Given this confluence of circumstances, Fung’s revenue
stream was tied directly to the infringing activity involving
his websites, both as to his ability to attract advertisers and as
to the amount of revenue he received.
This is very worrisome, because contrary to what the court suggests here, the revenue stream is not tied to infringement, but tied to providing a popular service that people want. That is the success of the revenue stream does not increase or decrease with each infringement, but with each use of the overall service — some of which is infringing, some of which is not. Fung doesn’t make any more money if the ad is viewed by an infringing user vs. a non-infringing user. It would seem that this should be a prerequisite for requiring that there be a financial benefit from the infringement. Unfortunately, the court seems to lump this all together as “well there are ads and infringement and more infringement means more ads, so there’s a direct financial relationship.” But, under that theory, then pretty much any website that has any infringement could run afoul of that, and that’s clearly not what the DMCA’s safe harbors were supposed to be about.
Finally, one bit of good news in the ruling is that the court does rule that the injunction is against IsoHunt is too broad. This had been a major concern since the original court ordered a blockade that also blocked legitimate, authorized content. The court recognized this as a problem, noting that the injunction included all sorts of vague language that impose too much of an expectation that Fung can wave some sort of magic wand to block any and all “infringement-related terms in metadata for any webpages.” The court agrees that this is too much:
specifically-named examples, no one reading this injunction can tell what it means for a term to be “widely known to be
associated with copyright infringement.” We understand the desire to build flexibility into the
injunction. But Rule 65(d), overall, prefers certainty to
(ii) of the injunction’s definition of “Infringement-Related
Terms” therefore must be modified to state simply that the
phrase includes specifically named terms.

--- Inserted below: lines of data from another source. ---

lemma similarity_step:
  assumes "(M, N) \<in> similarity" "reds M (Lam x P)"
  shows "\<exists>y Q. reds N (Lam y Q) \<and> (\<forall>W. closed W \<longrightarrow> (subst P x W, subst Q y W) \<in> similarity)"
proof -
  obtain R where R: "simulation R" "(M, N) \<in> R"
    using assms(1) unfolding similarity_def by blast
  then show ?thesis
    using assms(2) simulation_similarity[OF R(1)] unfolding simulation_def by fastforce
qed

lemma similarity_conv: "(M, N) \<in> similarity \<Longrightarrow> conv M \<Longrightarrow> conv N"
  unfolding conv_def using similarity_step by blast

lemma similarity_trans: "(M, N) \<in> similarity \<Longrightarrow> (N, L) \<in> similarity \<Longrightarrow> (M, L) \<in> similarity"
proof -
  have "simulation (similarity O similarity)"
  proof (rule simulationI)
    fix M L x P assume "(M, L) \<in> similarity O similarity" "reds M (Lam x P)"
    then obtain N where MN: "(M, N) \<in> similarity" and NL: "(N, L) \<in> similarity" by blast
    obtain y Q where q: "reds N (Lam y Q)"
        "\<forall>W. closed W \<longrightarrow> (subst P x W, subst Q y W) \<in> similarity"
      using similarity_step[OF MN \<open>reds M (Lam x P)\<close>] by blast
    obtain z S where "reds L (Lam z S)"
        "\<forall>W. closed W \<longrightarrow> (subst Q y W, subst S z W) \<in> similarity"
      using similarity_step[OF NL q(1)] by blast
    then show "\<exists>z S. reds L (Lam z S) \<and>
      (\<forall>W. closed W \<longrightarrow> (subst P x W, subst S z W) \<in> similarity O similarity)"
      using q(2) by blast
  qed (use similarity_closed in blast)
  then show "(M, N) \<in> similarity \<Longrightarrow> (N, L) \<in> similarity \<Longrightarrow> (M, L) \<in> similarity"
    using simulation_similarity by blast
qed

It also finds that some parts of the injunction are clearly too burdensome for Fung himself:
Fung maintains, and we agree, that certain provisions of
the injunction could be interpreted to prevent Fung from ever
working for any technology company whose services others
might use to infringe copyright, even if those other companies
are not themselves liable for primary or secondary copyright
infringement…. We agree that
insofar as the injunction can be interpreted to prohibit Fung
from seeking legitimate employment, it is more burdensome
than necessary to provide Plaintiffs relief.
On the whole, Fung still has lost big time with this ruling, and I’m still quite concerned about many parts of it. In a few areas the court has cut back on some excesses by the district court but, of course, this case is far from over.